Assistant District Attorney General Fred Lance’s response was, “isn’t it interesting Mr. McManus resorts to that argument that she needs to be out so she can work and take care of her kids. Well, if she hadn’t killed the father of those kids she wouldn’t necessarily have to be out there,” working.

That brought several loud comments from the audience and a reprimand from Street. Lance said he didn’t mean to “exacerbate emotions, but this is a case where it’s hard to take the emotions out of it even at this stage. The facts argue against full probation. If anything, the facts argue for her to serve her sentence and we would ask the court consider making her serve her sentence or making her serve split confinement.”

Before making his ruling, Street said there was nothing he could do to make anyone in the courtroom feel better.

“There’s a lot of hurt in this room ... a whole lot of hurt,” Street said. “I want you to understand there is nothing I can do do alleviate that hurt for anyone.” He noted that both of Delaney Jr.’s parents had expressed some amount of forgiveness to the woman who killed their son.

“She has three children. she is currently pregnant and the court has been informed it is a high-risk pregnancy,” the judge said. “Taking note of her pregnancy and the high risk nature of her pregnancy .... that would weigh slightly in favor of granting probation.”

Street also noted that Keeva Delaney had shown no remorse for her husband’s death.

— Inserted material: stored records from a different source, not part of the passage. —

lemma inj_on_three_sided_answers_witness_array:
  assumes "1 \<le> j"
  shows "inj_on (\<lambda>w. three_sided_answers (2 * j) (m + j) (witness_array (m + j) j (column_letters j w)))
    (admissible_words m)"
proof (rule inj_onI)
  fix w w'
  assume words: "w \<in> admissible_words m" "w' \<in> admissible_words m"
    and same_answers: "three_sided_answers (2 * j) (m + j) (witness_array (m + j) j (column_letters j w)) =
      three_sided_answers (2 * j) (m + j) (witness_array (m + j) j (column_letters j w'))"
  show "w = w'"
  proof (rule nth_equalityI)
    show "length w = length w'"
      using words by (simp add: admissible_words_def)
    fix d
    assume "d < length w"
    define c where "c = j + d"
    have c: "j \<le> c" "Suc c \<le> m + j" and "d < length w'"
      using \<open>d < length w\<close> words unfolding c_def admissible_words_def by auto
    have "topk_set (2 * j) ({1..2} \<times> {1..Suc c}) (witness_array (m + j) j (column_letters j w)) =
      topk_set (2 * j) ({1..2} \<times> {1..Suc c}) (witness_array (m + j) j (column_letters j w'))"
      using fun_cong[OF same_answers, of "(1, 2, Suc c)"] c
      by (simp add: three_sided_answers_def three_sided_def)
    moreover have "column_letters j v c + column_letters j v (Suc c) \<noteq> 3"
      if "v \<in> admissible_words m" for v
      using that column_letters_no_12 by (simp add: admissible_words_def)
    ultimately have "column_letters j w (Suc c) = r \<longleftrightarrow> column_letters j w' (Suc c) = r"
      if "r \<in> {1, 2}" for r
      using that words c assms witness_array_top_query_iff[where n = "m + j"] by metis
    then have "column_letters j w (Suc c) = column_letters j w' (Suc c)"
      using words column_letters_le[of w j "Suc c"] column_letters_le[of w' j "Suc c"]
      unfolding admissible_words_def by (fastforce simp: le_Suc_eq numeral_2_eq_2)
    then show "w ! d = w' ! d"
      using column_letters_nth \<open>d < length w\<close> \<open>d < length w'\<close> unfolding c_def by metis
  qed
qed

lemma powr_mult_log_eq_power:
  fixes b x :: real
  assumes "0 < b" "b \<noteq> 1" "0 < x"
  shows "b powr (real m * log b x) = x ^ m"
proof -
  have "b powr (real m * log b x) = (b powr log b x) powr real m"
    by (simp add: powr_powr mult.commute)
  also have "\<dots> = x ^ m"
    using assms by (simp add: powr_realpow)
  finally show ?thesis .
qed
(* Let $X$ be a separable real Banach space with property (au$^*$). Then $X^*$ has no proper closed norming subspace; i.e. if $M\subseteq X^*$ is a norm-closed linear subspace such that $\|x\|=\sup\{|m(x)|: m\in M,\ \|m\|\le 1\}$ for every $x\in X$, then $M=X^*$. Consequently $X^*$ is separable.
   Context: All Banach spaces are real. A separable Banach space $X$ has property (au$^*$) if $\lim_{n\to\infty}(\|x^*+x_n^*\|-\|x^*-x_n^*\|)=0$ whenever $x^*\in X^*$ and $(x_n^* )_{n\ge1}$ is a weak$^*$-null sequence in $X^*$. *)

theory Defs
  imports "HOL-Analysis.Analysis"
begin

(*The dual of a real Banach space 'a is the type 'a =>L real of bounded linear
functionals with the operator norm. A sequence in the dual is weak*-null if it converges
to 0 pointwise on 'a. *)

definition weak_star_null :: "(nat \<Rightarrow> ('a::real_normed_vector \<Rightarrow>\<^sub>L real)) \<Rightarrow> bool" where
  "weak_star_null f \<longleftrightarrow> (\<forall>x. (\<lambda>n. blinfun_apply (f n) x) \<longlonglongrightarrow> 0)"

definition property_au_star :: "'a::real_normed_vector itself \<Rightarrow> bool" where
  "property_au_star TYPE('a) \<longleftrightarrow>
     (\<forall>(g::'a \<Rightarrow>\<^sub>L real) f. weak_star_null f \<longrightarrow>
        (\<lambda>n. norm (g + f n) - norm (g - f n)) \<longlonglongrightarrow> 0)"

definition norming :: "('a::real_normed_vector \<Rightarrow>\<^sub>L real) set \<Rightarrow> bool" where
  "norming M \<longleftrightarrow>
     (\<forall>x::'a. norm x = Sup {\<bar>blinfun_apply m x\<bar> | m. m \<in> M \<and> norm m \<le> 1})"

end

theory Submission
  imports Defs
begin

text \<open>
  (1) Hahn-Banach, in the form needed here: every x has a norming functional of
      norm at most 1.  It is proved by Zorn's lemma on graphs of partial linear
      functionals dominated by the norm, together with the one-step extension.
  (2) If M is a norming subspace of X*, its unit ball approximates every functional
      of norm at most 1 on any finite set of points.  This is a separation argument
      in finitely many coordinates, done by hand with an approximate nearest point.
  (3) Consequently, for a dense sequence in X, every z in the unit ball of X* is
      the weak*-limit of a sequence in the unit ball of M.
  (4) If M were a proper closed norming subspace, Riesz's lemma gives a unit z far
      from M; approximating z by m_n as in (3) violates (au*), because
      norm (z + (m_n - z)) is at most 1 while norm (z - (m_n - z)) is at least 4/3.
  (5) Norming functionals of a dense sequence span a separable closed norming
      subspace; by (4) it is all of X*, so X* is separable.
\<close>

lemma abs_blinfun_le_norm:
  fixes f :: "'a::real_normed_vector \<Rightarrow>\<^sub>L real"
  assumes "norm f \<le> 1"
  shows "\<bar>blinfun_apply f x\<bar> \<le> norm x"
proof -
  have "\<bar>blinfun_apply f x\<bar> \<le> norm f * norm x" using norm_blinfun[of f x] by simp
  also have "\<dots> \<le> norm x" using assms by (simp add: mult_left_le_one_le)
  finally show ?thesis .
qed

“I’ve sat and watched almost everybody in this courtroom involved in this case cry except Ms. Delaney,” Street said. “And that causes me concern because remorse is one factor the court can look at. I have not seen any remorse from you, Ms. Delaney, during any hearing, during the plea or while you had people up here testifying about the loss they had. He was still your husband. It was still the father of your children. He’s gone at your hand. Yet I saw no emotion.” Street said that factor weighed against granting probation.

Keeva Delaney’s jail term begins June 1, 2019; she’ll serve the entire month and go back on community supervision. That will repeat until 2029. Street warned her to not attempt to have the date changed at any time during the next 10 years.